Your objective: If a line includes "Otimes", copy it out of the entries.

Stored items:
= = =
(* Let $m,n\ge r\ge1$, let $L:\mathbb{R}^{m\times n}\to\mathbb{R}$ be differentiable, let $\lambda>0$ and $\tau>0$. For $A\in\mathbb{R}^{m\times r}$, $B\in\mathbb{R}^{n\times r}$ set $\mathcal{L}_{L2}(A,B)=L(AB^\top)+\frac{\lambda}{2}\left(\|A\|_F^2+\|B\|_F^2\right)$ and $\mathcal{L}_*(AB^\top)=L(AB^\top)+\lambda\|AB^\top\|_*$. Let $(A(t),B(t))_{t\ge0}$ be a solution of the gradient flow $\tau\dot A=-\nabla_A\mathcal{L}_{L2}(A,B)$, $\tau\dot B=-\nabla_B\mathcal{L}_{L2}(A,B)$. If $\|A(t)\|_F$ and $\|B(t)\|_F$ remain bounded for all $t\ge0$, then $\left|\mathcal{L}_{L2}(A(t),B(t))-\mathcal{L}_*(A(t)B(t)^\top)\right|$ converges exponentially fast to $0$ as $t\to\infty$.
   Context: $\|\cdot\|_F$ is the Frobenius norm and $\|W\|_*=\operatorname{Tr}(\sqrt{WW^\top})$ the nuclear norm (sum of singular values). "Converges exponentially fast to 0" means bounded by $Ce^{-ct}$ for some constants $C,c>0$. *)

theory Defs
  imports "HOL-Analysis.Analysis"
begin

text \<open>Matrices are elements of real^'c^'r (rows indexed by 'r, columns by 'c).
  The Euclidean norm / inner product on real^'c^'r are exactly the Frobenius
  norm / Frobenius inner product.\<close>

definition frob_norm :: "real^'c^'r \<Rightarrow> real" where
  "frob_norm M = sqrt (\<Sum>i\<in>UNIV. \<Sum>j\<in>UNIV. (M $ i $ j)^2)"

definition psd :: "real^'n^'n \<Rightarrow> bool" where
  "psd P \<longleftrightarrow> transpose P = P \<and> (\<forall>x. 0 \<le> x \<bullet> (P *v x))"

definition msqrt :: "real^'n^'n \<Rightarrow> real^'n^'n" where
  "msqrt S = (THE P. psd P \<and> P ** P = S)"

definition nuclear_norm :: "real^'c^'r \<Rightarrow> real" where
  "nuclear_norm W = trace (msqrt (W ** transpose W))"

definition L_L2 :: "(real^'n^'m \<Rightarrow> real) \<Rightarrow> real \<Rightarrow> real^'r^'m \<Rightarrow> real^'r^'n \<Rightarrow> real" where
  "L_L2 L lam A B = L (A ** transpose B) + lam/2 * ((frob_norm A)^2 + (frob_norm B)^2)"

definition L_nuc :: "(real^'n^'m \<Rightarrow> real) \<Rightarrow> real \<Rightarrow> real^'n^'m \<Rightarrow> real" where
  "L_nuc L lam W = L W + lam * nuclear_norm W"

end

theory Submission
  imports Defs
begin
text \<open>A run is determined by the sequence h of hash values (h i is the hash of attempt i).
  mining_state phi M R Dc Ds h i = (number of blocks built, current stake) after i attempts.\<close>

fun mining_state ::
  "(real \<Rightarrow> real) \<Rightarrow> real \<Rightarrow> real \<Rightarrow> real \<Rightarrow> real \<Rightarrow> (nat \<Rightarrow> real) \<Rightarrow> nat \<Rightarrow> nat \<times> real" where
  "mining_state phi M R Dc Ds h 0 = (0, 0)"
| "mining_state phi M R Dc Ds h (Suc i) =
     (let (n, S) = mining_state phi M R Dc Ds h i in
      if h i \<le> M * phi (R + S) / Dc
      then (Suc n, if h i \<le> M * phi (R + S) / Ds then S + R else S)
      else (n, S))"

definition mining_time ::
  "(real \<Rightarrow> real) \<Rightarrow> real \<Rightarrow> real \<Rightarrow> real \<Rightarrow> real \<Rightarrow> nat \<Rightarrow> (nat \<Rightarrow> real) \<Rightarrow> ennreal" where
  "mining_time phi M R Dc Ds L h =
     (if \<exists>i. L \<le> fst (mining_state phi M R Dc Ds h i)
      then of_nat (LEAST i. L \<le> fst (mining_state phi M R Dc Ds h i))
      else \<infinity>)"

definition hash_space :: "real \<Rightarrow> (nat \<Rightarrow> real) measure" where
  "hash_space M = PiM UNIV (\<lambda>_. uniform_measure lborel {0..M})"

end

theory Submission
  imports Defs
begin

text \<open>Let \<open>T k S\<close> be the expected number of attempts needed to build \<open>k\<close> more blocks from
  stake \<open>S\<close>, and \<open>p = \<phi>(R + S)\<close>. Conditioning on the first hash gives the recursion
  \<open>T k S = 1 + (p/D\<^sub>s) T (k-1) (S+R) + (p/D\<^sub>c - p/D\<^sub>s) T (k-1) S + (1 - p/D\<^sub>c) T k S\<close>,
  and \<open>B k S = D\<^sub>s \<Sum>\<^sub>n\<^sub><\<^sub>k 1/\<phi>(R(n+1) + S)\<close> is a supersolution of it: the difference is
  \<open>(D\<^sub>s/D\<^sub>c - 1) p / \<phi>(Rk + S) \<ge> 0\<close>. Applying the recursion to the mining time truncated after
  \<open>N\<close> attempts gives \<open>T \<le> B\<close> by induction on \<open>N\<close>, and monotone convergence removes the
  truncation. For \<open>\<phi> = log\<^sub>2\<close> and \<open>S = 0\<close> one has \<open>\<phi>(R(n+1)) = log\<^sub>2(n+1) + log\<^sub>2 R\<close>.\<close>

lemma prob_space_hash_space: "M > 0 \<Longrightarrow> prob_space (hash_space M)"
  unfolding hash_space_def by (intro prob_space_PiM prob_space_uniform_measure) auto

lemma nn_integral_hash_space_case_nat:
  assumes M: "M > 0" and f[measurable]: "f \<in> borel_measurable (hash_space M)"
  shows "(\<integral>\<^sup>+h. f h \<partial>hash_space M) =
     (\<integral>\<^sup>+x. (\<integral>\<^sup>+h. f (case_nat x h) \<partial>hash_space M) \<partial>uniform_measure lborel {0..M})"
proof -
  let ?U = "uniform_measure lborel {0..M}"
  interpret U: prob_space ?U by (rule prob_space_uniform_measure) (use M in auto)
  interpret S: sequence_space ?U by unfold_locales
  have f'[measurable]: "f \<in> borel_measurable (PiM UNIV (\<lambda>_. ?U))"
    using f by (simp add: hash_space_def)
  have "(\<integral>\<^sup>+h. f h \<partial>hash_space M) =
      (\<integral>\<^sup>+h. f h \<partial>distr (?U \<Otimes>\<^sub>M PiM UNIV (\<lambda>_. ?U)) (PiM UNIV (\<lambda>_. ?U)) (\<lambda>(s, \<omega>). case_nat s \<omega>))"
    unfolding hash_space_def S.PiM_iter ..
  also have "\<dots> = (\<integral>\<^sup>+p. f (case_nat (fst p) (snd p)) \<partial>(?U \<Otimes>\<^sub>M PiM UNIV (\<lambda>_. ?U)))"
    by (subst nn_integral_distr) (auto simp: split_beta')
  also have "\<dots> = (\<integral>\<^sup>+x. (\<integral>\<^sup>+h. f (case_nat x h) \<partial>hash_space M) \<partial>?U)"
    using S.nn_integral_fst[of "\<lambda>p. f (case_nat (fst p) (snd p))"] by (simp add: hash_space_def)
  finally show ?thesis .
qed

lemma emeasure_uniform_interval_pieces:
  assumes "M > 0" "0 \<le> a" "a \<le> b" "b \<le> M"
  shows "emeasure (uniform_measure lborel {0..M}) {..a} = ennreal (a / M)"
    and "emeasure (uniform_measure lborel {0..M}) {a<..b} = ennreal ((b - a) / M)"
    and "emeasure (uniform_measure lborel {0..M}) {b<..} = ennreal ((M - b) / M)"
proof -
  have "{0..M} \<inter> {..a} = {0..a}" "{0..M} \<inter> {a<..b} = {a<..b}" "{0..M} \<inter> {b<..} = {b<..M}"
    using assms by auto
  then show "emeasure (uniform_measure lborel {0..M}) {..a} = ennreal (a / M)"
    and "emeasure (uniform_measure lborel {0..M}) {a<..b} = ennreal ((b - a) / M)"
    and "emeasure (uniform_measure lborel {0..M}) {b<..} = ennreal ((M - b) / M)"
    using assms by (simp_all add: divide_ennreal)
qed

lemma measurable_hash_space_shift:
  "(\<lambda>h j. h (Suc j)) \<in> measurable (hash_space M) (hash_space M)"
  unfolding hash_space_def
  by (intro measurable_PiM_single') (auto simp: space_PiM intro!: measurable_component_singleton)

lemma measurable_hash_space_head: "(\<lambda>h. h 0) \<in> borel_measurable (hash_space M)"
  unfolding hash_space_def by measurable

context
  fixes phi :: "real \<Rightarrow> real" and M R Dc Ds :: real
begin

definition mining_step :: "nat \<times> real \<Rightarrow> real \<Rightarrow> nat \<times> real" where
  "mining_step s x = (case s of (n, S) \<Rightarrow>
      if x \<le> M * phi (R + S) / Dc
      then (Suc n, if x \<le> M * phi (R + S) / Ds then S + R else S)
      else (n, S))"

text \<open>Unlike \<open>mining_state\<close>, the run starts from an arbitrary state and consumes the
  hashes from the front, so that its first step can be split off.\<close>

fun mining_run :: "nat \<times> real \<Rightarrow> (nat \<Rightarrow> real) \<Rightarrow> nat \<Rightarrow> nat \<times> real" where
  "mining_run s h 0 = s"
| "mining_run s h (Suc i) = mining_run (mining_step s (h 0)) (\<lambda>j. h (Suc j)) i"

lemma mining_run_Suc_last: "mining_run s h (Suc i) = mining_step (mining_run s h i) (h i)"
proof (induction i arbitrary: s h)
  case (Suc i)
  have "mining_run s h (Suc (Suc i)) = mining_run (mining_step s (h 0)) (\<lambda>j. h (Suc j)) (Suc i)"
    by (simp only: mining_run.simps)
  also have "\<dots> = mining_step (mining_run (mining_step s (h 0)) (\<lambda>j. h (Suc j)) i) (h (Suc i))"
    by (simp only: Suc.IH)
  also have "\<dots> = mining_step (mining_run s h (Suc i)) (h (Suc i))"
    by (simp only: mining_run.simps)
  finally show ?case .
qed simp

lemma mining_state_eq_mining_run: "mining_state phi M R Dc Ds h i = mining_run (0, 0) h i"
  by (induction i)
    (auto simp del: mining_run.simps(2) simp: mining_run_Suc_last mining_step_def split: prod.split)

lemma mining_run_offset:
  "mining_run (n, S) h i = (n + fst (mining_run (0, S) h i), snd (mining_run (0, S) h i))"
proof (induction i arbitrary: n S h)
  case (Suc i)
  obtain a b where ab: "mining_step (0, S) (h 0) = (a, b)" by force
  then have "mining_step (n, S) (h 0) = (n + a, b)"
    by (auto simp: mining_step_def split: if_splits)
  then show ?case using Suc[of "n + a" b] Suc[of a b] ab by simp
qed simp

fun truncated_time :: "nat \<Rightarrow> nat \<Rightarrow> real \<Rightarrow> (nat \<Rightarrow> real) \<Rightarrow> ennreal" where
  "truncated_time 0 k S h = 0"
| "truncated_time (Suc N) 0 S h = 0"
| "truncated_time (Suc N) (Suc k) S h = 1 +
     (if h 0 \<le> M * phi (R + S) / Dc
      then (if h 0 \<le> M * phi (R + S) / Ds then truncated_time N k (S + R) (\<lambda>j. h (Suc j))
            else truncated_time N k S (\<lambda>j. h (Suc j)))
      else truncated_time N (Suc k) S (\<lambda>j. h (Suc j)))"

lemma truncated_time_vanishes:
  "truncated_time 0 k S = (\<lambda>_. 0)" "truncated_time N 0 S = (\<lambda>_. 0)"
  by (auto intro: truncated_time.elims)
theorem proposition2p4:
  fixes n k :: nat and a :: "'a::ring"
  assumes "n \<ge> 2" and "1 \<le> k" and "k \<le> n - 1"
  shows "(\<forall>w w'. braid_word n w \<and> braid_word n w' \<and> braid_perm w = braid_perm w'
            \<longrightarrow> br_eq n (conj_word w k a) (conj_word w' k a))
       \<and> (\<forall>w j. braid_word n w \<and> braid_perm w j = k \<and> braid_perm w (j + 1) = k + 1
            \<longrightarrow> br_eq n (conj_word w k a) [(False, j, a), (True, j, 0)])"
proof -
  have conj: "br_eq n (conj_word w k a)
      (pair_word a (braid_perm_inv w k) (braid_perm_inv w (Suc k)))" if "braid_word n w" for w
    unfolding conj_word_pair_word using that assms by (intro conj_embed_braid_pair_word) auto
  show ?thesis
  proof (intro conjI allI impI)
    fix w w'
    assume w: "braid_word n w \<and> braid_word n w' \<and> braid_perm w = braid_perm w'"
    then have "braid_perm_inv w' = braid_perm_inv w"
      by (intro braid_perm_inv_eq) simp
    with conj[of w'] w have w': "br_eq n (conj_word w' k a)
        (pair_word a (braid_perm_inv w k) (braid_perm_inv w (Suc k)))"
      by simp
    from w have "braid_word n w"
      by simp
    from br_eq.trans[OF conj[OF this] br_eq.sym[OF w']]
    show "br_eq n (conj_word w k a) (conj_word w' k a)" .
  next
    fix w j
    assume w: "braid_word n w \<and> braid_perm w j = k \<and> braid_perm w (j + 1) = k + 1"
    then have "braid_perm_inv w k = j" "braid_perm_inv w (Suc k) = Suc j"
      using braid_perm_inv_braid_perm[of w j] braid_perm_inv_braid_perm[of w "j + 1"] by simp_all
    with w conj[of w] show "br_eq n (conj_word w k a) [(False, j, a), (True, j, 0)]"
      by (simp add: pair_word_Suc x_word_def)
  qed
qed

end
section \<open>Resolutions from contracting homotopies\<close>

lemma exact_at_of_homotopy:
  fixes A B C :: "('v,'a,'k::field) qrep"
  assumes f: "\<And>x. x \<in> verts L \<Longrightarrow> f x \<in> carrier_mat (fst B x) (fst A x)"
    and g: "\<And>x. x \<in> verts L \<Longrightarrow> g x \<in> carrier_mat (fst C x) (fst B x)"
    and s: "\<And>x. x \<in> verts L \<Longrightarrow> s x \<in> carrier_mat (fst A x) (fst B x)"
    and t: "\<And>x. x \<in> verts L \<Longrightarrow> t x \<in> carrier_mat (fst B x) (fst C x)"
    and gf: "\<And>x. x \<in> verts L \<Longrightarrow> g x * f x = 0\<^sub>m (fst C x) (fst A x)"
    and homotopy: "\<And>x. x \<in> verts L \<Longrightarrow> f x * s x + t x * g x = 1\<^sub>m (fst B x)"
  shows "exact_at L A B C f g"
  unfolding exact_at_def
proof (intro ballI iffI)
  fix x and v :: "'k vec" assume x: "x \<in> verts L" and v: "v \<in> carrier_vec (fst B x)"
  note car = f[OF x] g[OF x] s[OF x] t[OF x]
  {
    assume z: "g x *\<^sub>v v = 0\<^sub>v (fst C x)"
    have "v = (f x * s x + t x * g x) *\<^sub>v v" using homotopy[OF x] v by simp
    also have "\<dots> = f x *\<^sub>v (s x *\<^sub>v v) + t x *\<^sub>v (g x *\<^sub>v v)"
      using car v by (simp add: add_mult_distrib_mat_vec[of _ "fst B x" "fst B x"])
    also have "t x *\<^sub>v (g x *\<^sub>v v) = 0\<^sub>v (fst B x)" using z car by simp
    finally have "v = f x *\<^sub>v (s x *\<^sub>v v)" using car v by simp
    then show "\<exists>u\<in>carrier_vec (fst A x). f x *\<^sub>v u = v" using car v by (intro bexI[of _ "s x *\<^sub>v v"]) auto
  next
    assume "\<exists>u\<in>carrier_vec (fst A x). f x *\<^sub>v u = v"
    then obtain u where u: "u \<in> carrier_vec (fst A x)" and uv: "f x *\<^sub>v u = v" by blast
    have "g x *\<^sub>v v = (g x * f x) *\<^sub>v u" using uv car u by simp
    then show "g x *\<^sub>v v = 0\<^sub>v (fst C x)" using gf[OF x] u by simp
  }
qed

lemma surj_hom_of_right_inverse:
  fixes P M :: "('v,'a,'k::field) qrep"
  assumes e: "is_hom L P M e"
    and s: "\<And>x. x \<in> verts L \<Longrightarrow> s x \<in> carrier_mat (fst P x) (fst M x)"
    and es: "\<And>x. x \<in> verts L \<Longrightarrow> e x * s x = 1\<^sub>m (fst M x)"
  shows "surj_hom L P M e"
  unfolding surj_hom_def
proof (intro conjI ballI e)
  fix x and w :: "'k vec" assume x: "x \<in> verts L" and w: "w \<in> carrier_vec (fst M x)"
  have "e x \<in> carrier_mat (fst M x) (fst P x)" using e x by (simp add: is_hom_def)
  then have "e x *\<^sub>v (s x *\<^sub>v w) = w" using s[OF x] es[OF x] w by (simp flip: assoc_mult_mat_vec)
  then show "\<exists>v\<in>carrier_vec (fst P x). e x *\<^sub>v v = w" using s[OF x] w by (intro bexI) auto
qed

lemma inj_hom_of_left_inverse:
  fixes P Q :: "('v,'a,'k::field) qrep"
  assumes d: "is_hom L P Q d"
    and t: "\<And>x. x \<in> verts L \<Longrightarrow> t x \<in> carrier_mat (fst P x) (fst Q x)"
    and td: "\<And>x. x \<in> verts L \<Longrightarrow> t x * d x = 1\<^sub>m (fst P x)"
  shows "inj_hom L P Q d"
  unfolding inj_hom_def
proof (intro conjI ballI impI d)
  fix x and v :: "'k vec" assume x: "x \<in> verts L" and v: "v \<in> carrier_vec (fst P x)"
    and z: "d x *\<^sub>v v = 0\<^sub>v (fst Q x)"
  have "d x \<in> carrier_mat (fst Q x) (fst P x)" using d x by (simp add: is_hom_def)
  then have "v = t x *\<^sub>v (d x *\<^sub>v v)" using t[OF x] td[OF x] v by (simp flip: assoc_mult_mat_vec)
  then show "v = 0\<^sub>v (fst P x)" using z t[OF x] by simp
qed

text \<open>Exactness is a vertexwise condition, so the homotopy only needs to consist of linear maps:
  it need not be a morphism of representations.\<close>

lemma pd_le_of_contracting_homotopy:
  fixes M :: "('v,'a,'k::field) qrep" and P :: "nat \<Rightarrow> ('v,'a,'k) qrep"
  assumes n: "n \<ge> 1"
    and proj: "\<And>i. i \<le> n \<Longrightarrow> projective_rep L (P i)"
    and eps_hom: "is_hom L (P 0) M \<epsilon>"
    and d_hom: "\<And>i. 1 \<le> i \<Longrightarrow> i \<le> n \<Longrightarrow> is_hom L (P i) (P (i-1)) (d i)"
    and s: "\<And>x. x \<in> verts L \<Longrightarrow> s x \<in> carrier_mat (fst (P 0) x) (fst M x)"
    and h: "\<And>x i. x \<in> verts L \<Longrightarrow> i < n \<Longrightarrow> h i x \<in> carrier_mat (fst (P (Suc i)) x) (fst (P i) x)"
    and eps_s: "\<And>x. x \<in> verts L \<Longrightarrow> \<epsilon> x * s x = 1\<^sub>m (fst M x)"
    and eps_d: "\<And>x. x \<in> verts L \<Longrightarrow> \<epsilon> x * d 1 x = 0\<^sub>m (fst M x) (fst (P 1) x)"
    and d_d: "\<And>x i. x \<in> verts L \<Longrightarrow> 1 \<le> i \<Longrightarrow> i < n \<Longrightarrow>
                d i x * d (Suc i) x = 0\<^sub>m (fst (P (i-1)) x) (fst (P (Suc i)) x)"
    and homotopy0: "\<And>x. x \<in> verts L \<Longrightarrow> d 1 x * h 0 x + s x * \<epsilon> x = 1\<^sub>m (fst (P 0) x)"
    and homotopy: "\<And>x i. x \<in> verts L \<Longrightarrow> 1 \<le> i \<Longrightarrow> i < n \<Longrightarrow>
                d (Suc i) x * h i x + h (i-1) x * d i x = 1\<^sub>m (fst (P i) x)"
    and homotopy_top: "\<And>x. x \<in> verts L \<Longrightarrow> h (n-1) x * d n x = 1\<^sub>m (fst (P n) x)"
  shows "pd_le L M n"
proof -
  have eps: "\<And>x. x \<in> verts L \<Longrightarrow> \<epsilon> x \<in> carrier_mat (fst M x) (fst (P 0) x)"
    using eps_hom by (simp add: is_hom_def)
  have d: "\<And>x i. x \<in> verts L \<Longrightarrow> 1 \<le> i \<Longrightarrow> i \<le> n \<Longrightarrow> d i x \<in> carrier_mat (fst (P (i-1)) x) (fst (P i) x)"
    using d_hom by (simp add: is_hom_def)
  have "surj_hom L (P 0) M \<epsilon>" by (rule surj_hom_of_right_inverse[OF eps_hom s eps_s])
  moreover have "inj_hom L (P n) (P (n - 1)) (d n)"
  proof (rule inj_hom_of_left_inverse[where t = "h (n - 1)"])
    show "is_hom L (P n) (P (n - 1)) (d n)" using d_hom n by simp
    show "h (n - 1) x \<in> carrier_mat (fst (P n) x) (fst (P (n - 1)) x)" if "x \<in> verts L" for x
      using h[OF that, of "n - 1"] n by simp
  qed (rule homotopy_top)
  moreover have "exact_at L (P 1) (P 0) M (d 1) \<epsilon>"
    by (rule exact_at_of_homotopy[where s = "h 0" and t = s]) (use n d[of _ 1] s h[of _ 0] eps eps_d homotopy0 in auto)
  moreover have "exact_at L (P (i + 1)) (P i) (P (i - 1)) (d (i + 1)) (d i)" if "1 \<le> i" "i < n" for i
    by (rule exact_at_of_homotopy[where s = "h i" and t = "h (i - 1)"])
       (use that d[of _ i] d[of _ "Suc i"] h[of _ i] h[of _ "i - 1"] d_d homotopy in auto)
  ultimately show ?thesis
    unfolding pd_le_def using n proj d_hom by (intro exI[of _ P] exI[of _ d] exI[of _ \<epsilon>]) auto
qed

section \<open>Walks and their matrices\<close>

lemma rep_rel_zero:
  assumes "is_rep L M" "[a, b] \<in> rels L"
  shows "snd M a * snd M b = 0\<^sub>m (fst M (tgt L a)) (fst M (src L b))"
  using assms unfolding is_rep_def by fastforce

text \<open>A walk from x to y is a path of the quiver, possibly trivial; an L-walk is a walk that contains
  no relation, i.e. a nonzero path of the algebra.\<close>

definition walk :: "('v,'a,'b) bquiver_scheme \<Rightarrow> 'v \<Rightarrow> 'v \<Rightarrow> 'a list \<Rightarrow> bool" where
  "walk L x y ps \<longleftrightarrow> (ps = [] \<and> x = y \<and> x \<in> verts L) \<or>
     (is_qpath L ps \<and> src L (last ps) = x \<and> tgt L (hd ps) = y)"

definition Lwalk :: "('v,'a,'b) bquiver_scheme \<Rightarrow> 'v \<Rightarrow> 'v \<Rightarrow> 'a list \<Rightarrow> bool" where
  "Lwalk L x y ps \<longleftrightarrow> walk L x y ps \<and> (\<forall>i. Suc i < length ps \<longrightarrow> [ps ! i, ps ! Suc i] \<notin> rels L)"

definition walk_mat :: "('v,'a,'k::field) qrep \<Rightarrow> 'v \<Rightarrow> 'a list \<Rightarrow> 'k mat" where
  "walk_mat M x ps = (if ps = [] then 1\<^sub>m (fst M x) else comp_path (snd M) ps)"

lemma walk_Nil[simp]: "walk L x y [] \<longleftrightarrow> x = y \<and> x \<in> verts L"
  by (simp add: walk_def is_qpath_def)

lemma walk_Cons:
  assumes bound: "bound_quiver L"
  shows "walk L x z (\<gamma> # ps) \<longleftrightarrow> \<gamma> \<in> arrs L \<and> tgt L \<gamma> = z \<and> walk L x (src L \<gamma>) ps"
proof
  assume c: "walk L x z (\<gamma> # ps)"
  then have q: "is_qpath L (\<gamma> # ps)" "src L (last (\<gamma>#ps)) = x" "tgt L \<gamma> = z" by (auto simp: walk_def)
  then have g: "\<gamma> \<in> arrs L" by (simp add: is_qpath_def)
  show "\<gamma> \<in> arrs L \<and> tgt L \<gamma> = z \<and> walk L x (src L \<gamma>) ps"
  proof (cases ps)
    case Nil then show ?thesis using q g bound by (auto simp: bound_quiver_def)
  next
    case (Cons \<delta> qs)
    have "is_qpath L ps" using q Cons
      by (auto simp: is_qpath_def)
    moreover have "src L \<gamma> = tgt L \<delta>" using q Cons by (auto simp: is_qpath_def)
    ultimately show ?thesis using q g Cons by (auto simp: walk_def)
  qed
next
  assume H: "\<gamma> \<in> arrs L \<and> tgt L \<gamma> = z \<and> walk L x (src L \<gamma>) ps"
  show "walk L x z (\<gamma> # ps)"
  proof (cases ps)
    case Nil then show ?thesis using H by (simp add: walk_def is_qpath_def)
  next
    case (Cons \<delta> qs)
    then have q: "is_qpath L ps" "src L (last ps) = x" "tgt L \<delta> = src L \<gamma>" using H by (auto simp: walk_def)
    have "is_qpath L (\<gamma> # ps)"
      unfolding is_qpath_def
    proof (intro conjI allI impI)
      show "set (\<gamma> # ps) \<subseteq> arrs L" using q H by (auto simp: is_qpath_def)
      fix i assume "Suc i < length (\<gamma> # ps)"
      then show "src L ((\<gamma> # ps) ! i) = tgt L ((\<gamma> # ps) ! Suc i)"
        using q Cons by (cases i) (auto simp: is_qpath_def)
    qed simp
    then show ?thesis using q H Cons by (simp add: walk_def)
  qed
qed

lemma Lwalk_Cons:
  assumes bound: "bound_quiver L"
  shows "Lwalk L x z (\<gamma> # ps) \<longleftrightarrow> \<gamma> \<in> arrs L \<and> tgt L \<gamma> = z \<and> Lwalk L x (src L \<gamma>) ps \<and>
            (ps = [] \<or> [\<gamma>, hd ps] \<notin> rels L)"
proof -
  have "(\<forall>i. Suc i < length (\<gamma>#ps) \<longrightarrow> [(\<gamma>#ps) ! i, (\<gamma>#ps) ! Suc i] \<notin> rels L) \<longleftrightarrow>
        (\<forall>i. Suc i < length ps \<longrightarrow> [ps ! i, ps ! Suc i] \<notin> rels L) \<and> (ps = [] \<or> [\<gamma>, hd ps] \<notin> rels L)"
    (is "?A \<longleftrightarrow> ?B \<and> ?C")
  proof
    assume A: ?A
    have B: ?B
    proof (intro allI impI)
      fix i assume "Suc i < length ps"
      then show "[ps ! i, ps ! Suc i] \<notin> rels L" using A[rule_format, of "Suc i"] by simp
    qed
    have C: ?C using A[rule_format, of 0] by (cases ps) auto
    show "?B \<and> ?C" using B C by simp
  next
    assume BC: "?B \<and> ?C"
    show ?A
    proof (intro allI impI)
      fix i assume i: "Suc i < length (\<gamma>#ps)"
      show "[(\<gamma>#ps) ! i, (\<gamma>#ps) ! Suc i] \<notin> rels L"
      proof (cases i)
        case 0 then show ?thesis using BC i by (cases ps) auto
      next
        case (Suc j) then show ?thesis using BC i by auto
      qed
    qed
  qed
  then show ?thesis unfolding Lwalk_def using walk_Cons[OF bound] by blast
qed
= = =
Response box:
      (\<integral>\<^sup>+h. f h \<partial>distr (?U \<Otimes>\<^sub>M PiM UNIV (\<lambda>_. ?U)) (PiM UNIV (\<lambda>_. ?U)) (\<lambda>(s, \<omega>). case_nat s \<omega>))"
  also have "\<dots> = (\<integral>\<^sup>+p. f (case_nat (fst p) (snd p)) \<partial>(?U \<Otimes>\<^sub>M PiM UNIV (\<lambda>_. ?U)))"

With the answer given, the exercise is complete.